None.
1. Technical Field
A free standing film containing nanotubes is prepared by the process described herein. Depending on the type of nanotubes, the free standing film is useful as an optical filter, as an anisotropically electrically conductive film (ACF), or as a thermal interface material (TIM).
2. Problems To Be Solved
Electronic components such as semiconductors, transistors, integrated circuits (ICs), discrete devices, and others known in the art are designed to operate at a normal operating temperature or within a normal operating temperature range. However, the operation of an electronic component generates heat. If sufficient heat is not removed, the electronic component will operate at a temperature significantly above its normal operating temperature. Excessive temperatures can adversely affect performance of the electronic component and operation of the device associated therewith and negatively impact mean time between failures.

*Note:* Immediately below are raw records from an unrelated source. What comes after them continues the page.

lemma height_vertex: "height p (vertex p i) = sum_list (increments (take i p))"
proof -
  have "increments p = increments (take i p) @ increments (drop i p)"
    by (metis append_take_drop_id increments_append)
  then show ?thesis by (simp add: height_def vertex_def)
qed

lemma vertex_parity: "even (height p (vertex p i) + int (vertex p i))"
  using increments_parity[of "take i p"] height_vertex[of p i] by (simp add: vertex_def)

lemma vertex_strict_mono: "i < j \<Longrightarrow> j \<le> length p \<Longrightarrow> vertex p i < vertex p j"
proof (induction j)
  case (Suc j)
  then show ?case using vertex_Suc[of j p] by (cases "i = j") (auto simp: length_unit_moves)
qed simp

lemma vertex_inj: "i \<le> length p \<Longrightarrow> j \<le> length p \<Longrightarrow> vertex p i = vertex p j \<Longrightarrow> i = j"
  by (metis linorder_neqE_nat vertex_strict_mono less_irrefl)

lemma vertex_lt_length: "i < length p \<Longrightarrow> vertex p i < length (increments p)"
  using vertex_strict_mono[of i "length p" p] by (simp add: vertex_end)

lemma increments_after_vertex:
  "i < length p \<Longrightarrow> increments p ! vertex p i = hd (unit_moves (p ! i))"
  using increments_split[of i p] by (simp add: vertex_def nth_append hd_conv_nth)

lemma increments_H_midpoint:
  "i < length p \<Longrightarrow> p ! i = H \<Longrightarrow> increments p ! Suc (vertex p i) = 0"
  using increments_split[of i p] by (simp add: vertex_def nth_append)

lemma increments_before_vertex:
  assumes "i < length p"
  shows "increments p ! (vertex p (Suc i) - 1) = last (unit_moves (p ! i))"
proof (cases "p ! i = H")
  case True
  then show ?thesis using increments_H_midpoint[OF assms] by (simp add: vertex_Suc[OF assms])
next
  case False
  then show ?thesis using increments_after_vertex[OF assms]
    by (cases "p ! i") (simp_all add: vertex_Suc[OF assms])
qed

lemma height_H_step:
  assumes "i < length p" "p ! i = H"
  shows "height p (Suc (vertex p i)) = height p (vertex p i)"
    and "height p (Suc (Suc (vertex p i))) = height p (vertex p i)"
proof -
  have l: "Suc (vertex p i) < length (increments p)"
    using increments_split[OF assms(1)] assms(2) by (simp add: vertex_def)
  show "height p (Suc (vertex p i)) = height p (vertex p i)"
    using height_Suc[of "vertex p i" p] increments_after_vertex[OF assms(1)] assms(2) l by simp
  then show "height p (Suc (Suc (vertex p i))) = height p (vertex p i)"
    using height_Suc[OF l] increments_H_midpoint[OF assms] by simp
qed

lemma vertex_or_midpoint:
  "t \<le> length (increments p) \<Longrightarrow>
   (\<exists>i\<le>length p. vertex p i = t) \<or> (\<exists>i<length p. p ! i = H \<and> Suc (vertex p i) = t)"
proof (induction p arbitrary: t rule: rev_induct)
  case (snoc s p)
  have v: "i \<le> length p \<Longrightarrow> vertex (p @ [s]) i = vertex p i" for i
    by (simp add: vertex_def)
  have nth: "i < length p \<Longrightarrow> (p @ [s]) ! i = p ! i" for i
    by (simp add: nth_append)
  show ?case
  proof (cases "t \<le> length (increments p)")
    case True
    from snoc.IH[OF True] show ?thesis
    proof
      assume "\<exists>i\<le>length p. vertex p i = t"
      then obtain i where "i \<le> length p" "vertex p i = t" by blast
      then show ?thesis using v[of i] by (intro disjI1 exI[of _ i]) auto
    next
      assume "\<exists>i<length p. p ! i = H \<and> Suc (vertex p i) = t"
      then obtain i where "i < length p" "p ! i = H" "Suc (vertex p i) = t" by blast
      then show ?thesis using v[of i] nth[of i] by (intro disjI2 exI[of _ i]) auto
    qed
  next
    case False
    have last_vertex: "vertex (p @ [s]) (Suc (length p)) = length (increments (p @ [s]))"
      and mid: "vertex (p @ [s]) (length p) = length (increments p)"
      by (simp_all add: vertex_def)
    have "t = length (increments (p @ [s])) \<or> (s = H \<and> t = Suc (length (increments p)))"
      using False snoc.prems by (cases s) auto
    then show ?thesis
    proof
      assume "t = length (increments (p @ [s]))"
      then show ?thesis using last_vertex by (intro disjI1 exI[of _ "Suc (length p)"]) auto
    next
      assume "s = H \<and> t = Suc (length (increments p))"
      then show ?thesis using mid by (intro disjI2 exI[of _ "length p"]) auto
    qed
  qed
qed simp

lemma odd_point_midpoint:
  assumes "odd (height p t + int t)" "t \<le> length (increments p)"
  shows "\<exists>i<length p. p ! i = H \<and> Suc (vertex p i) = t"
  using vertex_or_midpoint[OF assms(2)] vertex_parity[of p] assms(1) by auto

lemma even_point_vertex:
  assumes "even (height p t + int t)" "0 < t" "t < length (increments p)"
  shows "\<exists>j. Suc j < length p \<and> vertex p (Suc j) = t"
proof -
  have not_mid: "\<not> (\<exists>i<length p. p ! i = H \<and> Suc (vertex p i) = t)"
  proof
    assume "\<exists>i<length p. p ! i = H \<and> Suc (vertex p i) = t"
    then obtain i where i: "i < length p" "p ! i = H" "Suc (vertex p i) = t" by blast
    have "even (height p (vertex p i) + int (vertex p i))" by (rule vertex_parity)
    then show False using assms(1) height_H_step(1)[OF i(1,2)] i(3) by auto
  qed
  obtain i where i: "i \<le> length p" "vertex p i = t"
    using vertex_or_midpoint[of t p] assms(3) not_mid by auto
  have "i \<noteq> 0" using i(2) assms(2) vertex_0[of p] by (metis less_irrefl)
  then obtain j where j: "i = Suc j" using not0_implies_Suc by blast
  have "i \<noteq> length p" using i(2) assms(3) vertex_end[of p i] by auto
  then have "Suc j < length p" using i(1) j by simp
  then show ?thesis using i(2) j by blast
qed

definition zigzag :: "(nat \<Rightarrow> int) \<Rightarrow> bool" where
  "zigzag h \<longleftrightarrow> (\<forall>t. \<bar>h (Suc t) - h t\<bar> \<le> 1) \<and>
     (\<forall>t. odd (h t + int t) \<longrightarrow> 0 < t \<and> h (t - 1) = h t \<and> h (Suc t) = h t)"

(* height profiles of paths are zigzag: odd points are flat midpoints of H steps *)
lemma zigzag_height: "zigzag (height p)"
proof -
  have "0 < t \<and> height p (t - 1) = height p t \<and> height p (Suc t) = height p t"
    if odd: "odd (height p t + int t)" for t
  proof (cases "t \<le> length (increments p)")
    case True
    then obtain i where "i < length p" "p ! i = H" "Suc (vertex p i) = t"
      using odd_point_midpoint odd by blast
    then show ?thesis using height_H_step by fastforce
  next
    case False
    then show ?thesis using height_beyond[of p] by simp
  qed
  then show ?thesis using height_unit_step by (simp add: zigzag_def)
qed

lemma zigzag_uminus: "zigzag h \<Longrightarrow> zigzag (\<lambda>t. - h t)"
proof -
  have "odd (- x + int t) \<longleftrightarrow> odd (x + int t)" for x :: int by presburger
  then show "zigzag h \<Longrightarrow> zigzag (\<lambda>t. - h t)" unfolding zigzag_def by (simp add: abs_minus_commute)
qed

To avoid these problems, heat can be removed by thermal conduction from the electronic component to a thermal management aid such as a heat sink. The heat sink can then be cooled by any convenient means such as convection or radiation techniques. During thermal conduction, heat can be transferred from the electronic component to the heat sink by surface contact between the electronic component and the heat sink or by contact of the electronic component and heat sink with a TIM. The lower the thermal impedance of the TIM, the greater the flow of heat from the electronic component to the heat sink.
Surfaces of the electronic component and the heat sink are typically not completely smooth; therefore, it is difficult to achieve full contact between the surfaces. Air spaces, which are poor thermal conductors, appear between the surfaces and increase impedance. These spaces can be filled by inserting a TIM between the surfaces. As manufacturers make smaller and smaller devices, there is a continuing need for TIMs which are thin and have improved thermal conductivity to efficiently transfer heat from electronic components to thermal management aids.
Composites containing nanotubes randomly distributed in a matrix are known for use as TIMs in the art. However, when nanotubes are oriented in an array instead of being randomly distributed, the array may exhibit improved properties, such as thermal conductivity. It is difficult to produce TIMs containing such arrays.
A method is useful for fabricating a free standing film having nanorods protruding through a matrix layer. The method comprises:
(a) providing an array of nanorods on a substrate,
optionally (b) infiltrating the array with a sacrificial layer,
(c) infiltrating the array with a matrix layer, thereby producing an infiltrated array,
optionally (d) removing the sacrificial layer without removing the matrix layer, when step (b) is present, and
(e) removing the infiltrated array from the substrate to form a free standing film, where the matrix layer has opposing surfaces, and the nanorods are oriented to pass through the matrix layer and protrude a distance at least 1 micrometer through one or both of the opposing surfaces of the matrix layer.
a shows an array of MWNT on a silicon wafer. This array is used in example 1.
b and 1c show cross sections of a free standing film prepared in example 1 at different magnifications. The film includes a matrix layer having an array of MWNT protruding through a surface of the matrix.
d shows a cross section of a free standing film prepared in example 2.
All amounts, ratios, and percentages are by weight unless otherwise indicated. For purposes of this application, the articles “a”, “an”, and “the” each refer to one or more. In the formulae herein, “Et” represents an ethyl group, “Me” represents a methyl group, “Ph” represents a phenyl group, and “Vi” represents a vinyl group. “MWNT” means multi-walled carbon nanotubes. “SWNT” means single-walled carbon nanotubes. “TEOS” means tetraethoxysilane.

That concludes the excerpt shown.